Pak-Sarzameen Party (PSP), which emerged in Karachi as a result of differences within Muttahida Qaumi Movement (MQM) after 2013 elections, will demonstrate its power today (Friday) for the first time since its formation in March this year, with a public meeting in MQM’s stronghold Hyderabad, in
connection with its preparations for the next general elections. However, the question remains whether it would be able to dispel the impression that it was formed with the support of the establishment?
While MQM-London convener Nadeem Nusrat clearly sees the establishment hand behind formation of PSP, the MQM-Pakistan has especially sent its Karachi Mayor Waseem Akhtar to Hyderabad to show its presence too, prior to its own public meeting in Karachi on Dec 30.
PSP President Anis Qaimkhani, who belongs to Hyderabad, is confident that Friday’s show would draw thousands at Pacca Qilla, the meeting venue.
Former city nazim Mustafa Kamal is confident that within a year, his party would be in a position to cause some upset in the 2018 elections. The PSP has not yet contested any by-election and aims at the next general elections.
Major split was on the cards within powerful MQM since the day it held its general workers meeting on May 19, 2013, when some of its sector and unit workers humiliated most of the leaders of the Rabita Committee. The outcome of this meeting and its follow-up developments caused major dent in the party and it’s now facing an uphill task to forge unity. Pak-Sarzameen Party was the fallout of the intra-party conflict, which after August 22, caused further split and dividing the party into MQM-Pakistan and MQM-London.
In three years, the party was divided into three parties: PSP, MQM-Pakistan and MQM-London. While the latter is facing an unofficial ban since August 22, the law-enforcement agencies had also sealed Altaf Hussain’s residence, Nine-Zero, once used to be party’s headquarters and its office, Khursheed Memorial Hall.
Months before the formation of PSP, Kamal telephoned this writer from Dubai and expressed his displeasure over the affairs within the MQM and accused Altaf Hussain and some of his close men in London as well as in Pakistan. It was the first contact since he left Pakistan after general workers meeting. I asked him if he had left the MQM. “Practically, yes and I am really sorry that I gave my time and energy to it.” He appeared quite frustrated and for the first time also disclosed that many other party leaders were dejected the way they were humiliated.
But, he did not mention or even give a hint of forming a new party or joining any other party. He was also unhappy with the role of the former governor, Dr Ishratul Ibad, and the MQM leaders in Pakistan.
The fallout of May 19 meeting was also felt within the MQM, including among those who are now part of the MQM-London and MQM-Pakistan. Some of these leaders started talking publicly about Altaf Hussain’s speeches at Jinnah ground and one noticed that party is losing discipline, which once used to be the party’s strength.
Beside Kamal, Anis Qaimkhani, Raza Haroon, Anis Advocate, who all have joined the PSP, the leaders like Haider Abbas Rizvi, Babar Ghauri, Faisal Sabzwar, Ishratul Ibad, though in low key, started speaking up about the problems within the party.
So, the writing was on the wall, and one was expecting a split.
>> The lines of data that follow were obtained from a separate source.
(* Let $G$ be a finite group, with $H_1,\dots,H_n$ a full set of representatives of conjugacy classes of subgroups. Then $$\mathrm{lcm}_{1\le i\le n}\ \mathcal{K}_{G/\{e\}}\big(G/H_i\big)\quad\text{divides}\quad \mathrm{lcm}_{(H_i,V)}\ \mathcal{K}_{(G/\{e\},\mathbf 1)}\big((G/H_i,V)\big),$$ where the left side is computed in the Burnside ring $\Omega(G)$ and the right side in the global representation ring $R(G,e)$, the lcm on the right running over all $i$ and all irreducible representations $V$ of $H_i$ (up to $N_G(H_i)$-conjugation). That is, the Knutson Index of the Burnside ring with respect to the generating set of rows of the table of marks divides the Knutson Index of the global representation ring with respect to the generating set of rows of the global table.
   Context: For a commutative ring $R$ with ring homomorphism $\alpha:R\to\mathbb{Z}$ and regular element $r$ (i.e. $\alpha(r)\ne0$ and $xr=\alpha(x)r$ for all $x$), the Knutson Index $\mathcal{K}_r(x)$ is the non-negative integer $m$ with $Rx\cap\mathbb{Z}r=m\mathbb{Z}r$. $\Omega(G)$ is the Burnside ring (Grothendieck ring of finite $G$-sets under disjoint union and Cartesian product), $\alpha(X)=|X|$, regular element $G/\{e\}$. $R(G,e)$ is the global representation ring: the Grothendieck ring of $G$-equivariant complex vector bundles on finite $G$-sets, with addition by disjoint union and product given by Cartesian product of bases with tensor product of fibres; it has $\mathbb{Z}$-basis the classes $(G/H_i,V)$ (the bundle on $G/H_i$ whose fibre at the identity coset is the irreducible $H_i$-representation $V$, taken up to $N_G(H_i)$-conjugation). Elements are detected by marks $(G/H,V)(K,k)=\sum_{gH\in(G/H)^K}\chi_V(g^{-1}kg)$ for $K\le G$, $k\in K$, which are ring homomorphisms to $\mathbb{C}$. The dimension homomorphism on $R(G,e)$ is $x\mapsto x(\{e\},e)$, so $\alpha((G/H,V))=|G/H|\dim V$, and the regular element is $(G/\{e\},\mathbf 1)$, where $\mathbf 1$ is the (regular = trivial) representation of the trivial group. *)

theory Defs
  imports "HOL-Algebra.Coset" "Jordan_Normal_Form.Matrix"
begin
text \<open>At the true parameter the pseudo-likelihood scores \<open>Q_n\<close> and \<open>R_n\<close> are sums of terms
  \<open>c_i (x_i - tanh (\<beta> m_i + B))\<close>, and \<open>x_i - tanh (\<beta> m_i + B)\<close> has conditional mean zero given
  the other spins. Removing spin \<open>i\<close> changes the \<open>j\<close>-th term by \<open>O(A_n(j,i))\<close>, so under (C1) the
  second moments of \<open>Q_n\<close> and \<open>R_n\<close> are \<open>O(n)\<close> and by Chebyshev both are \<open>O_p(\<surd>n)\<close>.

  The negative log pseudo-likelihood is convex with second derivative in direction \<open>d\<close> equal to
  \<open>\<Sum>\<^sub>i (d\<^sub>1 m_i + d\<^sub>2)\<^sup>2 sech\<^sup>2(\<beta> m_i + B)\<close>; on a unit box around \<open>(\<beta>\<^sub>0, B\<^sub>0)\<close> the sech factors
  are bounded below and, when \<open>T_n \<ge> \<delta>\<close>, the sum of squares is at least \<open>c n |d|\<^sup>2\<close>. Strict convexity
  makes the root of the score unique, and strong convexity forces the minimiser over the ball of
  radius \<open>M/\<surd>n\<close> to be interior as soon as the score at \<open>(\<beta>\<^sub>0, B\<^sub>0)\<close> is \<open>O(\<surd>n)\<close>.\<close>

section \<open>Expectations under the Ising measure\<close>

lemma finite_cfgs: "finite (cfgs n)"
  by (rule finite_subset[OF _ finite_set_of_finite_funs[of "{..<n}" "{-1,1::real}" 0]])
     (auto simp: cfgs_def)

lemma cfgs_nonempty: "(\<lambda>i. if i < n then 1 else 0) \<in> cfgs n"
  unfolding cfgs_def by auto

lemma abs_le_1_if_cfgs: "x \<in> cfgs n \<Longrightarrow> \<bar>x i\<bar> \<le> 1"
  unfolding cfgs_def by (cases "i < n") auto

lemma ising_weight_pos: "ising_weight A n \<beta> B x > 0"
  unfolding ising_weight_def by simp

lemma ising_Z_pos: "ising_Z A n \<beta> B > 0"
  unfolding ising_Z_def
  by (rule sum_pos2[OF finite_cfgs cfgs_nonempty]) (auto simp: ising_weight_pos less_imp_le)

definition ising_expect :: "mat_seq \<Rightarrow> nat \<Rightarrow> real \<Rightarrow> real \<Rightarrow> ((nat \<Rightarrow> real) \<Rightarrow> real) \<Rightarrow> real" where
  "ising_expect A n \<beta> B f = (\<Sum>x\<in>cfgs n. ising_weight A n \<beta> B x * f x) / ising_Z A n \<beta> B"

lemma ising_prob_eq_expect: "ising_prob A n \<beta> B E = ising_expect A n \<beta> B (\<lambda>x. if E x then 1 else 0)"
  unfolding ising_prob_def ising_expect_def
  by (simp add: sum.inter_filter[OF finite_cfgs] if_distrib cong: if_cong)

lemma ising_expect_mono:
  "(\<And>x. x \<in> cfgs n \<Longrightarrow> f x \<le> g x) \<Longrightarrow> ising_expect A n \<beta> B f \<le> ising_expect A n \<beta> B g"
  unfolding ising_expect_def using ising_Z_pos[of A n \<beta> B]
  by (intro divide_right_mono sum_mono mult_left_mono) (auto simp: ising_weight_pos less_imp_le)

lemma ising_expect_const [simp]: "ising_expect A n \<beta> B (\<lambda>_. c) = c"
  unfolding ising_expect_def using ising_Z_pos[of A n \<beta> B]
  by (simp add: sum_distrib_right[symmetric] ising_Z_def)

lemma ising_expect_add:
  "ising_expect A n \<beta> B (\<lambda>x. f x + g x) = ising_expect A n \<beta> B f + ising_expect A n \<beta> B g"
  unfolding ising_expect_def by (simp add: distrib_left sum.distrib add_divide_distrib)

lemma ising_expect_sum:
  "ising_expect A n \<beta> B (\<lambda>x. \<Sum>i\<in>I. f i x) = (\<Sum>i\<in>I. ising_expect A n \<beta> B (f i))"
  unfolding ising_expect_def sum_divide_distrib[symmetric] sum_distrib_left
  by (subst sum.swap) simp

lemma ising_expect_abs_le: "\<bar>ising_expect A n \<beta> B f\<bar> \<le> ising_expect A n \<beta> B (\<lambda>x. \<bar>f x\<bar>)"
proof -
  have "\<bar>\<Sum>x\<in>cfgs n. ising_weight A n \<beta> B x * f x\<bar>
      \<le> (\<Sum>x\<in>cfgs n. ising_weight A n \<beta> B x * \<bar>f x\<bar>)"
    using sum_abs[of "\<lambda>x. ising_weight A n \<beta> B x * f x" "cfgs n"]
    by (simp add: abs_mult ising_weight_pos less_imp_le)
  then show ?thesis
    unfolding ising_expect_def using ising_Z_pos[of A n \<beta> B] by (simp add: divide_right_mono)
qed

lemma ising_prob_mono:
  "(\<And>x. x \<in> cfgs n \<Longrightarrow> E x \<Longrightarrow> F x) \<Longrightarrow> ising_prob A n \<beta> B E \<le> ising_prob A n \<beta> B F"
  unfolding ising_prob_eq_expect by (rule ising_expect_mono) auto

lemma ising_prob_le_1: "ising_prob A n \<beta> B E \<le> 1"
  using ising_expect_mono[of n "\<lambda>x. if E x then 1 else 0" "\<lambda>_. 1" A \<beta> B]
  unfolding ising_prob_eq_expect by simp
text \<open>Two closed conditions that single out the projectors onto maximally coherent states.\<close>
lemma proj_max_coh_vec_entries:
  assumes "i < d" "j < d"
  shows "cmod (proj (max_coh_vec d \<theta>) $$ (i, 0)) = 1 / real d"
    and "proj (max_coh_vec d \<theta>) $$ (i, j)
      = of_nat d * proj (max_coh_vec d \<theta>) $$ (i, 0) * cnj (proj (max_coh_vec d \<theta>) $$ (j, 0))"
proof -
  have d: "0 < d"
    using assms by simp
  show "cmod (proj (max_coh_vec d \<theta>) $$ (i, 0)) = 1 / real d"
    using assms d by (simp add: proj_max_coh_vec_index norm_divide)
  have "cis (\<theta> i - \<theta> j) = cis (\<theta> i - \<theta> 0) * cnj (cis (\<theta> j - \<theta> 0))"
    by (simp add: cis_mult_cnj_cis)
  then show "proj (max_coh_vec d \<theta>) $$ (i, j)
      = of_nat d * proj (max_coh_vec d \<theta>) $$ (i, 0) * cnj (proj (max_coh_vec d \<theta>) $$ (j, 0))"
    using assms d by (simp only: proj_max_coh_vec_index of_nat_mult_divide_cnj_divide)
qed

lemma eq_proj_max_coh_vecI:
  assumes M: "M \<in> carrier_mat d d" and mod: "\<And>i. i < d \<Longrightarrow> cmod (M $$ (i, 0)) = 1 / real d"
    and fac: "\<And>i j. i < d \<Longrightarrow> j < d \<Longrightarrow> M $$ (i, j) = of_nat d * M $$ (i, 0) * cnj (M $$ (j, 0))"
  shows "M = proj (max_coh_vec d (\<lambda>i. Arg (M $$ (i, 0))))"
proof -
  define a where "a i = Arg (M $$ (i, 0))" for i
  have polar: "M $$ (i, 0) = cis (a i) / of_nat d" if "i < d" for i
    using rcis_cmod_Arg[of "M $$ (i, 0)"] mod[OF that] by (simp add: rcis_def a_def)
  have "M = proj (max_coh_vec d a)"
  proof (rule eq_matI)
    fix i j assume "i < dim_row (proj (max_coh_vec d a))" "j < dim_col (proj (max_coh_vec d a))"
    then have ij: "i < d" "j < d"
      by (simp_all add: proj_def max_coh_vec_def)
    have "M $$ (i, j) = of_nat d * (cis (a i) / of_nat d) * cnj (cis (a j) / of_nat d)"
      unfolding fac[OF ij] polar[OF ij(1)] polar[OF ij(2)] ..
    also have "\<dots> = cis (a i - a j) / of_nat d"
      using ij by (simp only: of_nat_mult_divide_cnj_divide cis_mult_cnj_cis)
    finally show "M $$ (i, j) = proj (max_coh_vec d a) $$ (i, j)"
      using ij by (simp add: proj_max_coh_vec_index)
  qed (use M in \<open>simp_all add: proj_def max_coh_vec_def\<close>)
  then show ?thesis
    by (simp add: a_def[abs_def])
qed

lemma proj_max_coh_vec_tendsto:
  assumes \<rho>: "density_op d \<rho>" and lim: "(\<lambda>n. Re (expval \<rho> (max_coh_vec d (\<Theta> n)))) \<longlonglongrightarrow> 1"
    and ij: "i < d" "j < d"
  shows "(\<lambda>n. proj (max_coh_vec d (\<Theta> n)) $$ (i, j)) \<longlonglongrightarrow> \<rho> $$ (i, j)"
proof -
  let ?x = "\<lambda>n. Re (expval \<rho> (max_coh_vec d (\<Theta> n)))"
  let ?e = "\<lambda>n. cmod (proj (max_coh_vec d (\<Theta> n)) $$ (i, j) - \<rho> $$ (i, j))"
  have le: "?e n \<le> sqrt (2 - 2 * ?x n)" for n
  proof (rule real_le_rsqrt)
    have "(?e n)\<^sup>2 = (cmod (\<rho> $$ (i, j) - proj (max_coh_vec d (\<Theta> n)) $$ (i, j)))\<^sup>2"
      by (metis norm_minus_commute)
    also have "\<dots> \<le> 2 - 2 * ?x n"
      by (rule cmod_diff_proj_max_coh_sq_le[OF \<rho> max_coh_vec_in_max_coh_states ij])
    finally show "(?e n)\<^sup>2 \<le> 2 - 2 * ?x n" .
  qed
  have sqrt_lim: "(\<lambda>n. sqrt (2 - 2 * ?x n)) \<longlonglongrightarrow> 0"
    using tendsto_real_sqrt[OF tendsto_diff[OF tendsto_const tendsto_mult[OF tendsto_const lim]],
        of 2 2] by simp
  have "?e \<longlonglongrightarrow> 0"
    using le by (intro tendsto_sandwich[OF _ _ tendsto_const sqrt_lim] always_eventually allI) simp_all
  then show ?thesis
    by (simp add: tendsto_norm_zero_iff LIM_zero_iff)
qed

lemma coh_fraction_eq_one_approx:
  assumes \<rho>: "density_op d \<rho>" and one: "coh_fraction d \<rho> = 1"
  obtains \<Theta> :: "nat \<Rightarrow> nat \<Rightarrow> real" where "(\<lambda>n. Re (expval \<rho> (max_coh_vec d (\<Theta> n)))) \<longlonglongrightarrow> 1"
proof -
  define f where "f \<theta> = Re (expval \<rho> (max_coh_vec d \<theta>))" for \<theta>
  have range: "(\<lambda>\<phi>. Re (expval \<rho> \<phi>)) ` max_coh_states d = range f"
    by (simp add: max_coh_states_def image_image f_def)
  have "Sup (range f) \<in> closure (range f)"
    using bdd_above_expval_max_coh[OF \<rho>] range by (intro closure_contains_Sup) auto
  moreover have "Sup (range f) = 1"
    using one range by (simp add: coh_fraction_def)
  ultimately obtain x where x: "\<And>n. x n \<in> range f" and x_lim: "x \<longlonglongrightarrow> 1"
    unfolding closure_sequential by auto
  have "\<forall>n. \<exists>\<theta>. x n = f \<theta>"
    using x by (simp add: image_iff)
  then obtain \<Theta> where "\<And>n. x n = f (\<Theta> n)"
    by (metis choice)
  then have "x = (\<lambda>n. f (\<Theta> n))"
    by (rule ext)
  then show ?thesis
    using that x_lim by (simp add: f_def)
qed

lemma coh_fraction_eq_one_imp_proj:
  assumes \<rho>: "density_op d \<rho>" and one: "coh_fraction d \<rho> = 1"
  shows "\<exists>\<phi>\<in>max_coh_states d. \<rho> = proj \<phi>"
proof -
  obtain \<Theta> where "(\<lambda>n. Re (expval \<rho> (max_coh_vec d (\<Theta> n)))) \<longlonglongrightarrow> 1"
    using coh_fraction_eq_one_approx[OF assms] by blast
  note lim = proj_max_coh_vec_tendsto[OF \<rho> this]
  have "cmod (\<rho> $$ (i, 0)) = 1 / real d" if i: "i < d" for i
  proof (rule LIMSEQ_unique)
    show "(\<lambda>n. cmod (proj (max_coh_vec d (\<Theta> n)) $$ (i, 0))) \<longlonglongrightarrow> cmod (\<rho> $$ (i, 0))"
      using i by (intro tendsto_norm lim) auto
    show "(\<lambda>n. cmod (proj (max_coh_vec d (\<Theta> n)) $$ (i, 0))) \<longlonglongrightarrow> 1 / real d"
      using i by (simp add: proj_max_coh_vec_entries(1))
  qed
  moreover have "\<rho> $$ (i, j) = of_nat d * \<rho> $$ (i, 0) * cnj (\<rho> $$ (j, 0))" if ij: "i < d" "j < d" for i j
  proof (rule LIMSEQ_unique)
    show "(\<lambda>n. proj (max_coh_vec d (\<Theta> n)) $$ (i, j)) \<longlonglongrightarrow> \<rho> $$ (i, j)"
      using lim ij by blast
    show "(\<lambda>n. proj (max_coh_vec d (\<Theta> n)) $$ (i, j)) \<longlonglongrightarrow> of_nat d * \<rho> $$ (i, 0) * cnj (\<rho> $$ (j, 0))"
      unfolding proj_max_coh_vec_entries(2)[OF ij] using ij by (intro tendsto_intros lim) auto
  qed
  ultimately have "\<rho> = proj (max_coh_vec d (\<lambda>i. Arg (\<rho> $$ (i, 0))))"
    by (rule eq_proj_max_coh_vecI[OF density_opD(1)[OF \<rho>]])
  then show ?thesis
    using max_coh_vec_in_max_coh_states by blast
qed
As the operation geared up against the MQM, its chief Altaf Hussain’s tone became very harsh. In 2015, the Lahore High Court, for the first time, imposed a ban on the media to publish or air his speech or even statement, in print and electronic media.
Unlike in 1992 operation, when the party saw its first split, led by Afaq Ahmad and Aamir Khan, the events which unfolded in 2016, caused serious dent, not only in the MQM office-bearers, but also in its vote-bank. In 1992, MQM’s major organisational strength remained intact and despite an army operation, the Haqiqi could not cause any major dent in party’s vote-bank, though it led to years long fight between the factions and as a result hundreds of their workers were killed.
In 1994-95, police operation wiped out MQM’s alleged militancy, but the party survived. Though it lost six seats in 2002 elections, its organisational strength remained intact and the party bounced back in 2008 elections.
Formation of PSP was somewhat different from the other split within Muttahida. Mustafa Kamal launched the party from a house in Khyban-e-Sehar, Defence. Even the house was not properly decorated or furnished when he addressed the first press conference there.
The PSP now has a big office and claims that its membership has reached thousands, majority of whom come from within the MQM. It has also set its network across the country.
Both the MQM-Pakistan and London are not very optimistic that the PSP would be able to gain public support. But, in the post-August 22 scenario, MQM’s further division has further divided the voters and there are still lot of confusion among its electorate.
The PSP programme reflects more of former president, General (retd) Pervez Musharraf’s programme of devolution of power and strengthening of local governments. Though Kamal claims the PSP is a national party, it has not yet come out with its national plan.
The party flag has caused a controversy as no political party could adopt the national flag as the party flag.
The PSP is yet to prove its worth but still has time. But, the biggest challenge for it would be to dispel the impression that certain forces are behind its formation and are still providing it support.
It would certainly be interesting to see how much crowd Kamal-Qaimkhani combination pulls to Pacca Qilla today, a week before the MQM-Pakistan’s public meeting at Nishtar Park Karachi on December 30. The two parties would then switch their venue in January or in February.
The MQM-Pakistan has little edge over the PSP, as far as its organisational strength is concerned. But they have their own problems. For both of them, the real challenge would be the presence of MQM-London, despite an unofficial ban. Which way the voter will go will determine the fate of all the three. But, as situation stands today, it’s a sorry state of affairs for Muhajir vote bank, which stands divided. The silent voter is still undecided.